Work to be completed =>
Copy nothing from the entries below except the lines from the one containing "(* Let $V$ be" through the one containing "text \<open>V = complex^'n", and copy those exactly.
=== Begin Enclosure ===
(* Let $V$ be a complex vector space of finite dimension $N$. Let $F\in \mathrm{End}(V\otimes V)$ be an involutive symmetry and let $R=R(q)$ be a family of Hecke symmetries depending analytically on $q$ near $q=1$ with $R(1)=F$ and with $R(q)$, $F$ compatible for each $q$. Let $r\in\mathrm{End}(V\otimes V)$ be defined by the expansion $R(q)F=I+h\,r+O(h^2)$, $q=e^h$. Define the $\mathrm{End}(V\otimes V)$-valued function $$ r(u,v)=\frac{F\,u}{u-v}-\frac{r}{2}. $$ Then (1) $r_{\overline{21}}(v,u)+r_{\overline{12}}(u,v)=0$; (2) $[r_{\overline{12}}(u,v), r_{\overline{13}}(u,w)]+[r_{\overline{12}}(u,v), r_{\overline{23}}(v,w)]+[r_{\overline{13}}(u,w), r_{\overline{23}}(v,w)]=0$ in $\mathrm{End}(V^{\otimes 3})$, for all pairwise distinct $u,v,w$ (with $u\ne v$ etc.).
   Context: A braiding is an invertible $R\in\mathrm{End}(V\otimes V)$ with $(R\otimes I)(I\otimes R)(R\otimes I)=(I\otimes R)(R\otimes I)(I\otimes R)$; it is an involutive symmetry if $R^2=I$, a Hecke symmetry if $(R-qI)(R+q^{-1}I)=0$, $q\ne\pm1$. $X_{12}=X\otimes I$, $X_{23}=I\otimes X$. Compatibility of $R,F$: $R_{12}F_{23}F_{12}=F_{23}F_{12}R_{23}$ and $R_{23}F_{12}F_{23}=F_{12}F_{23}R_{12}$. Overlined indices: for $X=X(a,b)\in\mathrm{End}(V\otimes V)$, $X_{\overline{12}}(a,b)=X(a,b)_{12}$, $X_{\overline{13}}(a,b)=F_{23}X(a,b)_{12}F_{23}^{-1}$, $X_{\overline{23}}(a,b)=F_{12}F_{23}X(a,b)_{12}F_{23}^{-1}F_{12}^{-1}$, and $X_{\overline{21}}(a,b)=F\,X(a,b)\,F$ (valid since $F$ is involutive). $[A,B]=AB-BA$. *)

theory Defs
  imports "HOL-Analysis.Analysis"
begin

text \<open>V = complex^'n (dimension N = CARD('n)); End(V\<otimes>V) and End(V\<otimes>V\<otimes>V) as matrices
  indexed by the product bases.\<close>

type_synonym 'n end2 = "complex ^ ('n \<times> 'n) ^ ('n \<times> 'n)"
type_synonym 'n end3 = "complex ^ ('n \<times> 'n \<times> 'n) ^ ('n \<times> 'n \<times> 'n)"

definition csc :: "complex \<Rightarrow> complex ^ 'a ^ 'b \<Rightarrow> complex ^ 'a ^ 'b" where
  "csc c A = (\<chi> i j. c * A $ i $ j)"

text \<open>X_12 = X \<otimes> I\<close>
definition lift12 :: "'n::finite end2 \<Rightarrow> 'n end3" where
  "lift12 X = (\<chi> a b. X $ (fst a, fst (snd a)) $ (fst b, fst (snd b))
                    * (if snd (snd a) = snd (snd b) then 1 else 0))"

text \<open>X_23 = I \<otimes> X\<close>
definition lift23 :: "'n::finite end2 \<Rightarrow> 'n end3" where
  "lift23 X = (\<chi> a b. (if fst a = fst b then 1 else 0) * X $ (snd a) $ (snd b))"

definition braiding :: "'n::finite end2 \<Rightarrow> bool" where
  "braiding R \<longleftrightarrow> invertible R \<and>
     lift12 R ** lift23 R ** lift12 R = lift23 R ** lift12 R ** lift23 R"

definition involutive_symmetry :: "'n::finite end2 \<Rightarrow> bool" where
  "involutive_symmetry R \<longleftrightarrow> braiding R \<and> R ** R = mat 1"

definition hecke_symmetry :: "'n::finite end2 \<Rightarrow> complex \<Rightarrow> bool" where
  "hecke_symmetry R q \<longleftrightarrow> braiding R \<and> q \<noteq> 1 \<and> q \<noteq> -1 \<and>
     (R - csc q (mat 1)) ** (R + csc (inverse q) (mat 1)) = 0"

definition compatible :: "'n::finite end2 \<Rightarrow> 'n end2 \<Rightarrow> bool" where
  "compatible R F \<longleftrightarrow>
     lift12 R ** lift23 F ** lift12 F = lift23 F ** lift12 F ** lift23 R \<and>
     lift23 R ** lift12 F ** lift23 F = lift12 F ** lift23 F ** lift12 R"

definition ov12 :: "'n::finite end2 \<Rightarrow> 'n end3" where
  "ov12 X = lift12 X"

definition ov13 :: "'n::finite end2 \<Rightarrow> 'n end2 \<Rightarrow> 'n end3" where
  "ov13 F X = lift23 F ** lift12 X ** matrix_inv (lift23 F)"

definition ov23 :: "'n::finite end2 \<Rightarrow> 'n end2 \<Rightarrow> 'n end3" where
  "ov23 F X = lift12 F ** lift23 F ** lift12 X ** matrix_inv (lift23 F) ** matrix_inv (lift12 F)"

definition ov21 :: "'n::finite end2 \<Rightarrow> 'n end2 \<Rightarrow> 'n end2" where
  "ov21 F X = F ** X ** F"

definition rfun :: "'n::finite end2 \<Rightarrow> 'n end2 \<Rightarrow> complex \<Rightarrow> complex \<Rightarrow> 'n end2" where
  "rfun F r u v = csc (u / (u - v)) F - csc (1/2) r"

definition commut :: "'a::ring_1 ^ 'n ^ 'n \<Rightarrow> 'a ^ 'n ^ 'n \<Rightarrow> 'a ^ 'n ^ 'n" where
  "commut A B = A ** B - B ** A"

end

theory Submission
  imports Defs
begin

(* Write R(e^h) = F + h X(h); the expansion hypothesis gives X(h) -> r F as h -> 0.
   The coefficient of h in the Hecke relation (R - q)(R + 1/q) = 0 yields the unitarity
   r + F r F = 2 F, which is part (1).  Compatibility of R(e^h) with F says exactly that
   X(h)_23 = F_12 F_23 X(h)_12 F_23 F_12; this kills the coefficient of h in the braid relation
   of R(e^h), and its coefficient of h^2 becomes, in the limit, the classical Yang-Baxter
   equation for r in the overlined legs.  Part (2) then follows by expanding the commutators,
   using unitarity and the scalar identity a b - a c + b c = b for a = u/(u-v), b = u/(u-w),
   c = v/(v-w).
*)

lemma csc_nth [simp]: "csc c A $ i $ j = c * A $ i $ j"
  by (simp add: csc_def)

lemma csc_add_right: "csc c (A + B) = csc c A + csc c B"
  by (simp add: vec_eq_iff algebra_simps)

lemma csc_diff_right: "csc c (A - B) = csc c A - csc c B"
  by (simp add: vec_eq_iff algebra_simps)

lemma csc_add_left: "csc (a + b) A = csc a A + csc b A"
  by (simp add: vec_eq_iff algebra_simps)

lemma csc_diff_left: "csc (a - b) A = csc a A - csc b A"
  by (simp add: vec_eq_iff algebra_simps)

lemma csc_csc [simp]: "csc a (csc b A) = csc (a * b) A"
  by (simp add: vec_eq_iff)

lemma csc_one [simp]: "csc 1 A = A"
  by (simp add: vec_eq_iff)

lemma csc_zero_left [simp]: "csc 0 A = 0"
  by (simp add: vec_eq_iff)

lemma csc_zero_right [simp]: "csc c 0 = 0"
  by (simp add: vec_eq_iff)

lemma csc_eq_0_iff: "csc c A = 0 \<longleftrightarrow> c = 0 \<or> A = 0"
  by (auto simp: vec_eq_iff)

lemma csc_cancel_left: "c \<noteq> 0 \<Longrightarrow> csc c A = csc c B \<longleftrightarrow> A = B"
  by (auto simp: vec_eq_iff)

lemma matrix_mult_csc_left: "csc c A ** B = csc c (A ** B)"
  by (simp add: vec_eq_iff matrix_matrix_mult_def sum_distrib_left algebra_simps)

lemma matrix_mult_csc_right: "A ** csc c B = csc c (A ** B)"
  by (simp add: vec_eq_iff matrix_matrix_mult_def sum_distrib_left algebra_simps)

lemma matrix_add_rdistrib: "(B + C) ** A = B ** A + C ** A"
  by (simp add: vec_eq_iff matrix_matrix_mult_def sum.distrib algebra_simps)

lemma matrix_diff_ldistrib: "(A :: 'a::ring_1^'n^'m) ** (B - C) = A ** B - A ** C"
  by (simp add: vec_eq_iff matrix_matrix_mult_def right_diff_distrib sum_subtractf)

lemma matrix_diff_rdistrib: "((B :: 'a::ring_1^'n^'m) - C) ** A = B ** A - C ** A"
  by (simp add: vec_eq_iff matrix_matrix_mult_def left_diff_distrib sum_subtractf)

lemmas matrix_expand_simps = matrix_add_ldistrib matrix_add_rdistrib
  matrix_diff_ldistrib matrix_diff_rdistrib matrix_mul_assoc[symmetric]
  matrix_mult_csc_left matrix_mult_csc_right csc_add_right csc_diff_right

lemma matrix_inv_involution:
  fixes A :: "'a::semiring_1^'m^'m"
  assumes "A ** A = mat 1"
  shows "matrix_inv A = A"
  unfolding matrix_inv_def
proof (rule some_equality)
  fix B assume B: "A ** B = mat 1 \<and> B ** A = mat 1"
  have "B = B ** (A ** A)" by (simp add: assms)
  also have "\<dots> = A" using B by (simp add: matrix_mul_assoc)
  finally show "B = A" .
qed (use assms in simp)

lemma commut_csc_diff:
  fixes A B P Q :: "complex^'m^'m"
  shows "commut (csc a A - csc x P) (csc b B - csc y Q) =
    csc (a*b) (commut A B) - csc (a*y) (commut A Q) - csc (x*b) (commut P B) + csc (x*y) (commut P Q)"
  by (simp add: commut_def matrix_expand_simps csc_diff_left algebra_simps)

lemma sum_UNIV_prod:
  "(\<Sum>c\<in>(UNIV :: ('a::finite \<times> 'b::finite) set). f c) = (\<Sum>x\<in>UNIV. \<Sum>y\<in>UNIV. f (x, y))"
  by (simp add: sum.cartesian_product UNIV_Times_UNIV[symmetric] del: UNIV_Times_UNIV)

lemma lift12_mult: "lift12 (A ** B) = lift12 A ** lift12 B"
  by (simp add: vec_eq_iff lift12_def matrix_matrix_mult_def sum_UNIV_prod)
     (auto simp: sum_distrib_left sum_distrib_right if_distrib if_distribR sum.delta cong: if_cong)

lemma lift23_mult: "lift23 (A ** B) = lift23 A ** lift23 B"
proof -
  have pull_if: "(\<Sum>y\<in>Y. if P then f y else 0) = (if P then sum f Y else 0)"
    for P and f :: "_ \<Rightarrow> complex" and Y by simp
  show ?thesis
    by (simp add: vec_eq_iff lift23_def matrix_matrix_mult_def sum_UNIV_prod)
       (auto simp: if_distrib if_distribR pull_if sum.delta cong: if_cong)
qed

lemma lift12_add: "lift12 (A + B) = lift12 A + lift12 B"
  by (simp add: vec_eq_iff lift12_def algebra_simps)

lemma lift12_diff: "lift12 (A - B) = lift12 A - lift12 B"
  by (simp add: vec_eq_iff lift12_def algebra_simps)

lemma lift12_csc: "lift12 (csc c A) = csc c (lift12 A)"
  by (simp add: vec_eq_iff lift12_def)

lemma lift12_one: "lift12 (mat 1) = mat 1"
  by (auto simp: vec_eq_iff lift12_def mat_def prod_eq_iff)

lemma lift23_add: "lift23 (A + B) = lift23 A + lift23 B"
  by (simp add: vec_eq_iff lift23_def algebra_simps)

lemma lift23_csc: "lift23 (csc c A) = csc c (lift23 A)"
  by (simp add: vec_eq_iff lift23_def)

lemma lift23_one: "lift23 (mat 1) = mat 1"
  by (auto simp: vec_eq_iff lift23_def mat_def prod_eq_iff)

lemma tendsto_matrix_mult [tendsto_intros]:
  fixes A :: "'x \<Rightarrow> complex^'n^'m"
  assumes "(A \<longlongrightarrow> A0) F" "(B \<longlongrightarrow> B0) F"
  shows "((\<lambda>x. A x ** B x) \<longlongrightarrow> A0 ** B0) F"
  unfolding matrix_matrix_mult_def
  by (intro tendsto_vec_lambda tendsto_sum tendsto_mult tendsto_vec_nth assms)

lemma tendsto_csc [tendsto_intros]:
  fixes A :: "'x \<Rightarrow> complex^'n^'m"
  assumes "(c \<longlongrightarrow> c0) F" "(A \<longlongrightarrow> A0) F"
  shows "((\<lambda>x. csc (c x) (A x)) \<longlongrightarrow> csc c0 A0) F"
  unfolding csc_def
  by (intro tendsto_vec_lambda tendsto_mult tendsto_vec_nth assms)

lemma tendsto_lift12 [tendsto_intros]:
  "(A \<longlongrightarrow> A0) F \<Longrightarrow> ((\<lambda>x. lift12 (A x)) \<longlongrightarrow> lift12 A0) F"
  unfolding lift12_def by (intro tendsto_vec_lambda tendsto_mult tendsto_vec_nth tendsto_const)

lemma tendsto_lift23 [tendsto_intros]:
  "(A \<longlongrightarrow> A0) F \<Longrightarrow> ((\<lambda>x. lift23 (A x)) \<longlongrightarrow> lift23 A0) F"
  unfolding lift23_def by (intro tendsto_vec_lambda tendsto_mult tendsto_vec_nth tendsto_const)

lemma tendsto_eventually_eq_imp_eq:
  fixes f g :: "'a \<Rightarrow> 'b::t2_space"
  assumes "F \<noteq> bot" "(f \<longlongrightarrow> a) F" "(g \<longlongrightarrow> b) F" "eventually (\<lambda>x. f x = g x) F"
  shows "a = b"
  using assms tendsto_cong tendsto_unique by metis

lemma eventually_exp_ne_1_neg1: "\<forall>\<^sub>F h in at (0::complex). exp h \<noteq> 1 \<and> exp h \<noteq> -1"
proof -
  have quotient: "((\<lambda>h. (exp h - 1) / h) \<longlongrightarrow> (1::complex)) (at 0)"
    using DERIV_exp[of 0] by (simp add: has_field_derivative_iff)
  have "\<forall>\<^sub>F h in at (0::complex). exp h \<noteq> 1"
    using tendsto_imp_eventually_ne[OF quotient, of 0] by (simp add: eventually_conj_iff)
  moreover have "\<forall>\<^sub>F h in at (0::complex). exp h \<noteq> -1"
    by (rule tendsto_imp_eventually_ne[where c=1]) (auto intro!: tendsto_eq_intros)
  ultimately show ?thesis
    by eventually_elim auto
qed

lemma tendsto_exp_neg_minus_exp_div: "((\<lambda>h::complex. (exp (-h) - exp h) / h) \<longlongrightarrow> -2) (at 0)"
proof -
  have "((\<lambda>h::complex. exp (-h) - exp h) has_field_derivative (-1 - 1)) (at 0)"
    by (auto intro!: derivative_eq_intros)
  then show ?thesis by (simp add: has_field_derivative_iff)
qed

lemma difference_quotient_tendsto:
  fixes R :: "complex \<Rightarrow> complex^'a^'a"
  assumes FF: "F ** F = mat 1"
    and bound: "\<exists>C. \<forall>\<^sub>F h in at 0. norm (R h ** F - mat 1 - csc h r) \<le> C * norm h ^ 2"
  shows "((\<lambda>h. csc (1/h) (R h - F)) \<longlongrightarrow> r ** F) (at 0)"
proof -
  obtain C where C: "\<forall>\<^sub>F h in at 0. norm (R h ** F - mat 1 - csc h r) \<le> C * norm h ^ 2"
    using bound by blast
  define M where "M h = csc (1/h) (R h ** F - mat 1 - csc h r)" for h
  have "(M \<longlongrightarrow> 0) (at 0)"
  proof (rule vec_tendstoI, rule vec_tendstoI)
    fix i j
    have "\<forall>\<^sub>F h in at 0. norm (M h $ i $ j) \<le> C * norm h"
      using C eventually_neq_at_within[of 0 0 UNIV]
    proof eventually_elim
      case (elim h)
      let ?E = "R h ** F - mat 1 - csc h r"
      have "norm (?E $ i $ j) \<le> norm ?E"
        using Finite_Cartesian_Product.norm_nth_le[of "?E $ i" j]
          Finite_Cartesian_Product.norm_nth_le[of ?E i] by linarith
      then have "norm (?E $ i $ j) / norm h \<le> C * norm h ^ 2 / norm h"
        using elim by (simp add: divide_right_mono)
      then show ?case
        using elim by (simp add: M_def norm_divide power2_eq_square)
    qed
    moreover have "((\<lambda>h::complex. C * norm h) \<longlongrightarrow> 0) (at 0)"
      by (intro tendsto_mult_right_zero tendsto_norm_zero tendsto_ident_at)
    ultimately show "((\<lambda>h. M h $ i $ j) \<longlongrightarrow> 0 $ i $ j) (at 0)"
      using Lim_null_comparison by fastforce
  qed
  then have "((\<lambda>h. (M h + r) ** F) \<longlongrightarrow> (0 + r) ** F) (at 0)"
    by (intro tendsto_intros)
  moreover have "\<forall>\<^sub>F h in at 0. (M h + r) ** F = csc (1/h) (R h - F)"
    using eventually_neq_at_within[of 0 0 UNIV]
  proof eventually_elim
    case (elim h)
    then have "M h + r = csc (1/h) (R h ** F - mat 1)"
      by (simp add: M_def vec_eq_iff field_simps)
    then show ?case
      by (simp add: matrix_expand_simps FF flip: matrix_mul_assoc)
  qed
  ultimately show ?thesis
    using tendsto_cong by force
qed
=== End Enclosure ===
=== Begin Enclosure ===
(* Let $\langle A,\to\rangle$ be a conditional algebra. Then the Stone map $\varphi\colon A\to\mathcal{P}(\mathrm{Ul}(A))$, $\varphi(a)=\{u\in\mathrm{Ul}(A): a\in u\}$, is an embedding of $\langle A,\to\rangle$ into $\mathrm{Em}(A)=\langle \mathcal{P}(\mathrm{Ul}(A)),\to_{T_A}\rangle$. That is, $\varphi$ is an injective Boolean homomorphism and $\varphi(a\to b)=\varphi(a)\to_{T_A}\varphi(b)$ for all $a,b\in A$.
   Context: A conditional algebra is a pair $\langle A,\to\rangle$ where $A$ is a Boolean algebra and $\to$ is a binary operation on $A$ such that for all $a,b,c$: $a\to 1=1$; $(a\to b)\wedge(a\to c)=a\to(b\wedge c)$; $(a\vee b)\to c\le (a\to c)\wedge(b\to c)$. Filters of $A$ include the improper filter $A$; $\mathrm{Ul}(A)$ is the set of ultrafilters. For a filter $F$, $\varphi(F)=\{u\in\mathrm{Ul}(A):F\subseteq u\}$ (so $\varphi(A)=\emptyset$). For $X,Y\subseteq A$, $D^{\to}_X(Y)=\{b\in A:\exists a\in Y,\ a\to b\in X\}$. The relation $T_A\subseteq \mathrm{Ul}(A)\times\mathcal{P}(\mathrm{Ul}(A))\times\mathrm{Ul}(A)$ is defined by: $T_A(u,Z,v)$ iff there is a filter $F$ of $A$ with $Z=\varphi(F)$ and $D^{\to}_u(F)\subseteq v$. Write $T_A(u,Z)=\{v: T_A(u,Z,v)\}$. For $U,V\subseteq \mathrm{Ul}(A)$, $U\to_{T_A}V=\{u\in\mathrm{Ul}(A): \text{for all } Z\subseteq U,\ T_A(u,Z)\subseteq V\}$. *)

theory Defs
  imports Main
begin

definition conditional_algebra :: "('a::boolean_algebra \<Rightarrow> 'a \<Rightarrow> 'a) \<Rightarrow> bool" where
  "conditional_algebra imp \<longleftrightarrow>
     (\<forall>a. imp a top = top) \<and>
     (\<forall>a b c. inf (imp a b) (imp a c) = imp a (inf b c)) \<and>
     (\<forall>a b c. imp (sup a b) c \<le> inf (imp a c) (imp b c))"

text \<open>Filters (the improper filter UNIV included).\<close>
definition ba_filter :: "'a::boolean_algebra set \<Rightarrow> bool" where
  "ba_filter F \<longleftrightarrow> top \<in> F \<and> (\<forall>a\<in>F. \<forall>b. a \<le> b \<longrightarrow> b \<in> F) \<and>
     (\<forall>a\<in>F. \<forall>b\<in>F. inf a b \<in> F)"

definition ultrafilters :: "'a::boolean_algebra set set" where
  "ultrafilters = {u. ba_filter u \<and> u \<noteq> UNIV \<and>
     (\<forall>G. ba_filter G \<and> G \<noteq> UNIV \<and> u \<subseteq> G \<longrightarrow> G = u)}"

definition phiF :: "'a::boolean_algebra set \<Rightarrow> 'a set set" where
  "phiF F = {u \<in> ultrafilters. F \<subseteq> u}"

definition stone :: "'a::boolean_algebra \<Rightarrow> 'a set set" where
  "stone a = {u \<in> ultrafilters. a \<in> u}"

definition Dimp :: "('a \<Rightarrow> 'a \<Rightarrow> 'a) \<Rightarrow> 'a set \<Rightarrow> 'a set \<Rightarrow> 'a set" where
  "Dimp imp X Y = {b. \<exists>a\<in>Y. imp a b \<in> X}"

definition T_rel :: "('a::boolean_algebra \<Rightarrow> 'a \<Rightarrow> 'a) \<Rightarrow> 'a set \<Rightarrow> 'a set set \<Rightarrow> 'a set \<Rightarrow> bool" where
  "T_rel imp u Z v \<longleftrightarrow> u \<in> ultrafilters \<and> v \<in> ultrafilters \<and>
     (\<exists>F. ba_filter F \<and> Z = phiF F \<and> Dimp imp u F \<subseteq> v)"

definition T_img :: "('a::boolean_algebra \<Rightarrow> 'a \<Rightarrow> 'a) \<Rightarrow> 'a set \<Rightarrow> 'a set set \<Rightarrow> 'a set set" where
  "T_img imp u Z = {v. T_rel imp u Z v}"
=== End Enclosure ===
Solution =>
(* Let $V$ be a complex vector space of finite dimension $N$. Let $F\in \mathrm{End}(V\otimes V)$ be an involutive symmetry and let $R=R(q)$ be a family of Hecke symmetries depending analytically on $q$ near $q=1$ with $R(1)=F$ and with $R(q)$, $F$ compatible for each $q$. Let $r\in\mathrm{End}(V\otimes V)$ be defined by the expansion $R(q)F=I+h\,r+O(h^2)$, $q=e^h$. Define the $\mathrm{End}(V\otimes V)$-valued function $$ r(u,v)=\frac{F\,u}{u-v}-\frac{r}{2}. $$ Then (1) $r_{\overline{21}}(v,u)+r_{\overline{12}}(u,v)=0$; (2) $[r_{\overline{12}}(u,v), r_{\overline{13}}(u,w)]+[r_{\overline{12}}(u,v), r_{\overline{23}}(v,w)]+[r_{\overline{13}}(u,w), r_{\overline{23}}(v,w)]=0$ in $\mathrm{End}(V^{\otimes 3})$, for all pairwise distinct $u,v,w$ (with $u\ne v$ etc.).
   Context: A braiding is an invertible $R\in\mathrm{End}(V\otimes V)$ with $(R\otimes I)(I\otimes R)(R\otimes I)=(I\otimes R)(R\otimes I)(I\otimes R)$; it is an involutive symmetry if $R^2=I$, a Hecke symmetry if $(R-qI)(R+q^{-1}I)=0$, $q\ne\pm1$. $X_{12}=X\otimes I$, $X_{23}=I\otimes X$. Compatibility of $R,F$: $R_{12}F_{23}F_{12}=F_{23}F_{12}R_{23}$ and $R_{23}F_{12}F_{23}=F_{12}F_{23}R_{12}$. Overlined indices: for $X=X(a,b)\in\mathrm{End}(V\otimes V)$, $X_{\overline{12}}(a,b)=X(a,b)_{12}$, $X_{\overline{13}}(a,b)=F_{23}X(a,b)_{12}F_{23}^{-1}$, $X_{\overline{23}}(a,b)=F_{12}F_{23}X(a,b)_{12}F_{23}^{-1}F_{12}^{-1}$, and $X_{\overline{21}}(a,b)=F\,X(a,b)\,F$ (valid since $F$ is involutive). $[A,B]=AB-BA$. *)

theory Defs
  imports "HOL-Analysis.Analysis"
begin

text \<open>V = complex^'n (dimension N = CARD('n)); End(V\<otimes>V) and End(V\<otimes>V\<otimes>V) as matrices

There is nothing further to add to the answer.